Bitchface- er, Lorena- was a wildcard though, and that seemed kind of dangerous. Bill had been quick to throw her under the bus for my attack when speaking to me, but he hadn't had the courage to point the police in her direction. Either he thought I was more stupid than Bud and Andy (which given his condescending attitude was really possible), or he was frightened to sell her out. In the few times I had encountered her, I had seen her be both violent and deranged as well as calculated and controlling. I couldn't forget her words about "little amusements" to me when we had been at Sophie-Anne's either. She was playing a game of some sort, but I wasn't sure what it was, or what her end goal might have been.
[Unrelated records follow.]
theorem mainTheorem6:
  fixes ord :: "('v::finite) monom \<Rightarrow> 'v monom \<Rightarrow> bool"
    and J :: "('v, 'a::field) mpoly set"
    and \<Lambda> :: "'i set"
    and Es :: "'i \<Rightarrow> ('v, 'a) mpoly set"
  assumes "monomial_order ord"
    and "is_ideal J"
    and "\<Lambda> \<noteq> {}"
    and "\<And>i. i \<in> \<Lambda> \<Longrightarrow> monomial_ideal (Es i)"
    and "\<And>i. i \<in> \<Lambda> \<Longrightarrow> g_nice ord J (Es i)"
  shows "g_nice ord J (\<Inter>i\<in>\<Lambda>. Es i) \<and>
         (\<Inter>i\<in>\<Lambda>. ideal_sum J (Es i)) = ideal_sum J (\<Inter>i\<in>\<Lambda>. Es i) \<and>
         (\<forall>GJ. groebner_basis ord GJ J \<longrightarrow>
           groebner_basis ord (GJ \<union> min_gens (\<Inter>i\<in>\<Lambda>. Es i)) (\<Inter>i\<in>\<Lambda>. ideal_sum J (Es i)))"
proof -
  note ord = assms(1) and J = assms(2)
  obtain U where U: "\<And>i. i \<in> \<Lambda> \<Longrightarrow> Es i = monomial_ideal_of (U i)"
    using bchoice[of \<Lambda> "\<lambda>i V. Es i = monomial_ideal_of V"] assms(4) monomial_ideal_iff by metis
  have nice: "\<And>i. i \<in> \<Lambda> \<Longrightarrow> g_nice ord J (monomial_ideal_of (U i))"
    using assms(5) U by metis
  define W where "W = {w. \<forall>i\<in>\<Lambda>. \<exists>u\<in>U i. monom_dvd u w}"
  have E: "(\<Inter>i\<in>\<Lambda>. Es i) = monomial_ideal_of W"
    using INT_monomial_ideal_of[of U \<Lambda>] U by (simp add: W_def)
  have sums: "(\<Inter>i\<in>\<Lambda>. ideal_sum J (Es i)) = ideal_sum J (monomial_ideal_of W)"
    using INT_ideal_sum_monomial_ideal_of[where I = \<Lambda> and U = U, OF ord J nice] U E by simp
  have "g_nice ord J (monomial_ideal_of W)"
    using g_nice_INT_monomial_ideal_of[where I = \<Lambda> and U = U, OF ord J nice] U E by simp
  then show ?thesis
    unfolding sums E using groebner_basis_Un_min_gens[OF ord J] by blast
qed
I had always been one of those people who liked to know more than everyone else in a room, so not knowing what she was up to made me edgy.
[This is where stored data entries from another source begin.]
lemma kuhn_unit_cube:
  fixes P :: "('a \<Rightarrow> real) \<Rightarrow> 'a \<Rightarrow> bool" and p :: nat
  assumes "finite N" and "0 < p"
    and lower: "\<And>z i. z \<in> unit_cube N \<Longrightarrow> i \<in> N \<Longrightarrow> z i = 0 \<Longrightarrow> P z i"
    and upper: "\<And>z i. z \<in> unit_cube N \<Longrightarrow> i \<in> N \<Longrightarrow> z i = 1 \<Longrightarrow> \<not> P z i"
  shows "\<exists>z\<in>unit_cube N. \<forall>i\<in>N. \<exists>a\<in>unit_cube N. \<exists>c\<in>unit_cube N.
           (\<forall>j\<in>N. \<bar>a j - z j\<bar> \<le> 1 / p) \<and> (\<forall>j\<in>N. \<bar>c j - z j\<bar> \<le> 1 / p) \<and> P a i \<and> \<not> P c i"
proof -
  define n where "n = card N"
  obtain b where b: "bij_betw b {..<n} N"
    using ex_bij_betw_nat_finite[OF \<open>finite N\<close>] by (auto simp: n_def atLeast0LessThan)
  define b' where "b' = inv_into {..<n} b"
  have b'_less: "b' i < n" and b_b': "b (b' i) = i" if "i \<in> N" for i
    using b that by (auto simp: b'_def bij_betw_def inv_into_into f_inv_into_f)
  have b'_b: "b' (b k) = k" and b_in: "b k \<in> N" if "k < n" for k
    using b that by (auto simp: b'_def bij_betw_def inv_into_f_f)
  define grid where "grid = cube_grid N b' p"
  have grid_in: "grid q \<in> unit_cube N" if "\<forall>k<n. q k \<le> p" for q
    using that b'_less \<open>0 < p\<close> by (auto simp: grid_def intro: cube_grid_in_unit_cube)
  define label where "label q k = (if P (grid q) (b k) then 0 else 1::nat)" for q k
  have "\<forall>q. (\<forall>k<n. q k \<le> p) \<longrightarrow> (\<forall>k<n. label q k = 0 \<or> label q k = 1)"
    by (simp add: label_def)
  moreover have "\<forall>q. (\<forall>k<n. q k \<le> p) \<longrightarrow> (\<forall>k<n. q k = 0 \<longrightarrow> label q k = 0)"
    using lower grid_in b_in b'_b by (simp add: label_def grid_def cube_grid_def)
  moreover have "\<forall>q. (\<forall>k<n. q k \<le> p) \<longrightarrow> (\<forall>k<n. q k = p \<longrightarrow> label q k = 1)"
    using upper grid_in b_in b'_b \<open>0 < p\<close> by (simp add: label_def grid_def cube_grid_def)
  ultimately obtain q where q: "\<forall>k<n. q k < p"
    and cell: "\<forall>k<n. \<exists>r s. (\<forall>j<n. q j \<le> r j \<and> r j \<le> q j + 1) \<and>
                            (\<forall>j<n. q j \<le> s j \<and> s j \<le> q j + 1) \<and> label r k \<noteq> label s k"
    by (rule kuhn_lemma[OF \<open>0 < p\<close>])
  have near: "grid r \<in> unit_cube N \<and> (\<forall>j\<in>N. \<bar>grid r j - grid q j\<bar> \<le> 1 / p)"
    if "\<forall>j<n. q j \<le> r j \<and> r j \<le> q j + 1" for r
    using that q b'_less \<open>0 < p\<close>
    by (auto simp: grid_def Suc_le_eq intro!: grid_in[unfolded grid_def] cube_grid_neighbour
             intro: le_trans)
  have "\<exists>a\<in>unit_cube N. \<exists>c\<in>unit_cube N. (\<forall>j\<in>N. \<bar>a j - grid q j\<bar> \<le> 1 / p) \<and>
          (\<forall>j\<in>N. \<bar>c j - grid q j\<bar> \<le> 1 / p) \<and> P a i \<and> \<not> P c i" if i: "i \<in> N" for i
  proof -
    obtain r s where r: "\<forall>j<n. q j \<le> r j \<and> r j \<le> q j + 1" and s: "\<forall>j<n. q j \<le> s j \<and> s j \<le> q j + 1"
      and "label r (b' i) \<noteq> label s (b' i)"
      using cell b'_less[OF i] by blast
    then have "P (grid r) i \<noteq> P (grid s) i"
      by (auto simp: label_def b_b'[OF i] split: if_splits)
    then show ?thesis
      using near[OF r] near[OF s] by (cases "P (grid r) i") blast+
  qed
  moreover have "grid q \<in> unit_cube N" using near[of q] by simp
  ultimately show ?thesis by blast
qed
I closed my eyes for a minute- which made Alcide fold on instinct- and tried to picture who all the players were and what their endgame might look like, but I felt like there was something I was missing. I couldn't shake the feeling that someone had a card tucked up their sleeve; I just wasn't sure who it was or what they were going to do with it.

My cell phone picked that moment to pierce my musings with its distinctive ring, startling Jason enough from his overconfident bluffing that he fell backwards out of his chair. His cards flew every which way out of his hand as he thudded to the floor. "That ain't fair. I call a do over," he pouted while Tray and Alcide laughed. "Go take that shit somewhere else. You're throwin' me off my game."

Hoping the call was from Sookie, my mood instantly lifted, and I didn't need to be told twice. "I always throw you off your game, Jase," I teased with a wink, and he slapped my ass as I made my way past him to grab my phone off the counter by his dryer where I had left it. I was already halfway to the back of his house when I actually bothered to look at the name brightly and tauntingly displayed on the screen, demanding my attention.

There went my mood lift. I slipped into Jason's room and partially closed the door behind me. "Hey, Dad."

I hadn't wanted to answer the phone. He didn't have the damn right to intrude on my time with the guys, even if it was only through a call. I didn't trust him not to keep calling though. There were enough dark clouds intruding on our day in the skies overhead, I didn't need a ringing phone taunting me and only adding to them for the remainder of the afternoon.

"Can't you muster up a little enthusiasm to talk to your old man?" he asked, his voice as annoyed as I felt.

I wasn't going to apologize and I wasn't going to fake enthusiasm or patience I just didn't have for the man. He had never had any for me, so I didn't really see why I should be expected to have any for him. "What do you need?"

"What makes you think I _need_ anything, Eric? Can't a father call his son without baseless accusations getting tossed about?" They weren't baseless. "I don't deserve your ungrateful attitude after everything I've given you." I rolled my eyes, but was smart enough to bite my tongue. If I played his game, maybe it would be over faster. "I didn't see you yesterday."

I was aware, and it had been a fucking godsend. "So you missed me," I concluded, barely withholding the sarcasm the words deserved. If he hadn't missed me in twenty years, there was no way a twenty-four hour absence had him wanting to play catch up. "But now isn't a good time. I'm in the middle of something with my friends right-"

"I'm not going to be here forever."

I actually smiled at his interruption, though I was sure it was meant to be some kind of threat. I didn't know if he just meant he wouldn't be in Louisiana forever or if he was having some kind of existential crisis of mortality, but either way, I wouldn't lose much sleep over the separation. It seemed premature to begin funeral preparations, so I went with the option that would provide a temporary reprieve. "Do you need a ride to the airport?"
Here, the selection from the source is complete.